Triton offre un menu flessibile e orientato ai prodotti, basato sulle migliori offerte del mercato. Verdure, pasta e pesce leggermente stagionato incontrano un concetto di bistrot nordico rilassato, dove il vino e il vinile fanno da padroni.
Il capo chef Adam Wedholm si è formato nelle cucine di Frantzén a Hong Kong e Shanghai prima di tornare in patria. Ora cucina una cucina fusion nordico-asiatica con l'amico d'infanzia Oliver Ljungqvist. Menu degustazione o à la carte.
Riaperto di recente con la passione per i sapori nordici e la gastronomia sostenibile e locale, ora con menu più brevi. La cucina, nota per la sua attenzione alla selvaggina, ha ampliato la sua offerta con pesce e frutti di mare.
Al 19° piano del Wood Hotel, l'esperienza culinaria pan-asiatica è esaltata dalla vista panoramica. Piccoli piatti sono offerti alla carta o come omakase di sette portate, con ristoranti gemelli a Stoccolma e Uppsala.
Lo chef Johan Rudsby ha aperto questo bistrot cittadino nel 2022, tre anni dopo il suo ristorante in fattoria. Scegliete piccoli piatti dal compatto menu à la carte o lasciate che la cucina metta insieme i vostri preferiti. È disponibile un accompagnamento analcolico.
Ospitata nell'appartamento del custode ("due stanze e una cucina") di un'ex banca, questa raffinata sala da pranzo sembra ancora una casa privata. La coppia di padroni di casa Ingemar ed Eva Eberstål guida gli ospiti attraverso menu a più portate.
Il Bar Agrikultur è un bistrot locale rilassato ma attento, che si concentra su prodotti di stagione, piatti a base di verdure e vini e gin accuratamente selezionati per un'esperienza culinaria onesta.
Funghi, mirtilli e pesce persico dei dintorni vengono consegnati direttamente in cucina, dove Magnus e Linn Ollas preparano la loro caratteristica cucina "fäbod crossover", che combina le tradizioni rustiche della fattoria con tecniche creative.

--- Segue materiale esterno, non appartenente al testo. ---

(* $\lim_{L\to\infty}Y_L(0)=-1/2$, where $Y_L(t)=\dfrac{\partial y_L(t)/\partial L}{y_L(t)}$.
   Context: For $\alpha\in(0,1/\sqrt2)$ let $L_\alpha=\pi/\mathrm{AGM}(\alpha,\tfrac12\sqrt{1+2\alpha^2})$; $\alpha\mapsto L_\alpha$ is a decreasing bijection from $(0,1/\sqrt2)$ onto $(\pi\sqrt2,\infty)$. For $L>\pi\sqrt2$ let $\alpha$ satisfy $L_\alpha=L$ and let $x_0>y_0>0$ satisfy $x_0^2+y_0^2=1$, $x_0y_0=\alpha^2$. Let $(x_L,y_L,z_L)(t)$ solve $x'=-xz$, $y'=yz$, $z'=x^2-y^2$ ($'=d/dt$) with initial value $(x_0,y_0,0)$. *)

theory Defs
  imports "HOL-Analysis.Analysis"
begin

fun agm_seq :: "real \<Rightarrow> real \<Rightarrow> nat \<Rightarrow> real \<times> real" where
  "agm_seq a b 0 = (a, b)"
| "agm_seq a b (Suc n) =
     (let (p, q) = agm_seq a b n in ((p + q) / 2, sqrt (p * q)))"

definition AGM :: "real \<Rightarrow> real \<Rightarrow> real" where
  "AGM a b = lim (\<lambda>n. fst (agm_seq a b n))"

definition L_alpha :: "real \<Rightarrow> real" where
  "L_alpha \<alpha> = pi / AGM \<alpha> (sqrt (1 + 2 * \<alpha>\<^sup>2) / 2)"

end

(*
  Gauss's formula AGM(a, b) = pi / (2 I(a, b)), with I(a, b) the integral over [0, pi/2] of
  (a^2 cos^2 t + b^2 sin^2 t)^(-1/2), turns L_alpha into 2 I(alpha, sqrt (1 + 2 alpha^2) / 2).
  Differentiating under the integral sign gives alpha L_alpha'(alpha) = -2 L_J(alpha), and
  L_J(alpha) -> 2 as alpha -> 0: its integrand differs by at most 2 alpha from
  alpha^2 cos t / L_quad^(3/2), whose integral is exactly 2 / sqrt (1 + 2 alpha^2).  So near 0 the map
  alpha |-> L_alpha is a decreasing bijection onto a half-line, and its inverse alpha(L) is
  differentiable and tends to 0 as L -> infinity.  The initial conditions force
  y_L(0) = y_init(alpha(L)) with y_init(alpha)^2 = (1 - sqrt (1 - 4 alpha^4)) / 2, for which
  alpha y_init'/y_init -> 2.  Hence Y_L(0) = (alpha y_init'/y_init) / (alpha L_alpha') -> 2 / (-4).
*)
theory Submission
  imports Defs "HOL-Real_Asymp.Real_Asymp"
begin

section \<open>Inverting a steeply decreasing function\<close>

locale steep_decreasing =
  fixes f f' :: "real \<Rightarrow> real" and a c :: real
  assumes a_pos: "0 < a" and c_pos: "0 < c"
    and f_has_derivative: "\<And>x. 0 < x \<Longrightarrow> x \<le> a \<Longrightarrow> (f has_real_derivative f' x) (at x)"
    and f'_bound: "\<And>x. 0 < x \<Longrightarrow> x \<le> a \<Longrightarrow> x * f' x \<le> - c"
begin

lemma f'_neg:
  assumes "0 < x" "x \<le> a"
  shows "f' x < 0"
proof -
  have "x * f' x < 0"
    using f'_bound[OF assms] c_pos by linarith
  then show ?thesis
    using assms(1) by (simp add: mult_less_0_iff)
qed

lemma f_strict_decreasing: "0 < x \<Longrightarrow> x < y \<Longrightarrow> y \<le> a \<Longrightarrow> f y < f x"
  by (rule DERIV_neg_imp_decreasing) (use f_has_derivative f'_neg in force)+

lemma f_antimono: "0 < x \<Longrightarrow> x \<le> y \<Longrightarrow> y \<le> a \<Longrightarrow> f y \<le> f x"
  using f_strict_decreasing[of x y] by (cases "x = y") auto

lemma f_log_lower_bound:
  assumes "0 < x" "x \<le> a"
  shows "f a + c * (ln a - ln x) \<le> f x"
proof -
  have "f a + c * ln a \<le> f x + c * ln x"
  proof (rule DERIV_nonpos_imp_nonincreasing[OF assms(2)])
    fix z assume z: "x \<le> z" "z \<le> a"
    then have "0 < z"
      using assms by simp
    then have "((\<lambda>z. f z + c * ln z) has_real_derivative f' z + c / z) (at z)"
      using z by (auto intro!: derivative_eq_intros f_has_derivative simp: divide_inverse)
    moreover have "f' z + c / z \<le> 0"
      using f'_bound[of z] z \<open>0 < z\<close> by (simp add: field_simps)
    ultimately show "\<exists>D. ((\<lambda>z. f z + c * ln z) has_real_derivative D) (at z) \<and> D \<le> 0"
      by blast
  qed
  then show ?thesis
    by (simp add: algebra_simps)
qed

lemma bij_betw_f: "bij_betw f {0<..a} {f a..}"
proof (rule bij_betw_imageI)
  show "inj_on f {0<..a}"
    by (rule inj_onI) (metis greaterThanAtMost_iff linorder_neq_iff f_strict_decreasing less_irrefl)
  have "f ` {0<..a} \<subseteq> {f a..}"
    using f_antimono by auto
  moreover have "T \<in> f ` {0<..a}" if T: "f a \<le> T" for T
  proof -
    define x0 where "x0 = a * exp (- (T - f a) / c)"
    have x0: "0 < x0" "x0 \<le> a"
      using a_pos c_pos T by (simp_all add: x0_def mult_le_cancel_left1 divide_nonpos_pos)
    have "ln x0 = ln a - (T - f a) / c"
      using a_pos by (simp add: x0_def ln_mult minus_divide_left)
    then have "T \<le> f x0"
      using f_log_lower_bound[OF x0] c_pos by (simp add: field_simps)
    moreover have "continuous_on {x0..a} f"
      using x0 by (intro continuous_at_imp_continuous_on ballI DERIV_isCont[OF f_has_derivative]) auto
    ultimately obtain x where "x0 \<le> x" "x \<le> a" "f x = T"
      using IVT2'[of f a T x0] T x0 by auto
    then show ?thesis
      using x0 by force
  qed
  ultimately show "f ` {0<..a} = {f a..}"
    by auto
qed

Lo chef islandese Jón Óskar Arnason e la sommelier Sarah di Piteå gestiscono questo ristorante, dove i menu degustazione presentano un vivace mix di ingredienti artici e sottolineano l'ascesa della Lapponia svedese come seria destinazione culinaria.
Il forno in pietra è il fulcro di questa esclusiva locanda di montagna con soli 24 posti a sedere. La capocuoca Lena Flaten elabora "relationsmat": piatti basati sulla collaborazione con gli agricoltori, i cacciatori e i pescatori della regione.
La locanda, che esiste dal 1564, è la più antica locanda documentata in Svezia. Miriam e Stefan Johansson lavorano con più di 100 fornitori locali per i loro sofisticati menu degustazione e hanno fondato il birrificio Kinnekulle nel 2002.
Nel 2017, tre laureati di Oaxen Krog, Fäviken e Gastrologik hanno piantato questo "seme" culinario (frö) in una capanna di legno sulle pendici di Hundfjället. La maggior parte degli ingredienti del menu degustazione proviene dalla Dalarna.
Questo intimo omakase bar dispone di otto posti a sedere con vista sullo chef. Gli ospiti possono aspettarsi circa 20 porzioni stagionali sotto forma di sushi e piccoli piatti, serviti pezzo per pezzo. Possibilità di abbinare il sake.
A Öland, Christofer Johansson cucina piatti stagionali ispirati alla natura dell'isola. Il ristorante è stato chiuso di recente e riaprirà ad aprile con lo stesso obiettivo, ora anche à la carte. Il punteggio prima della riapertura.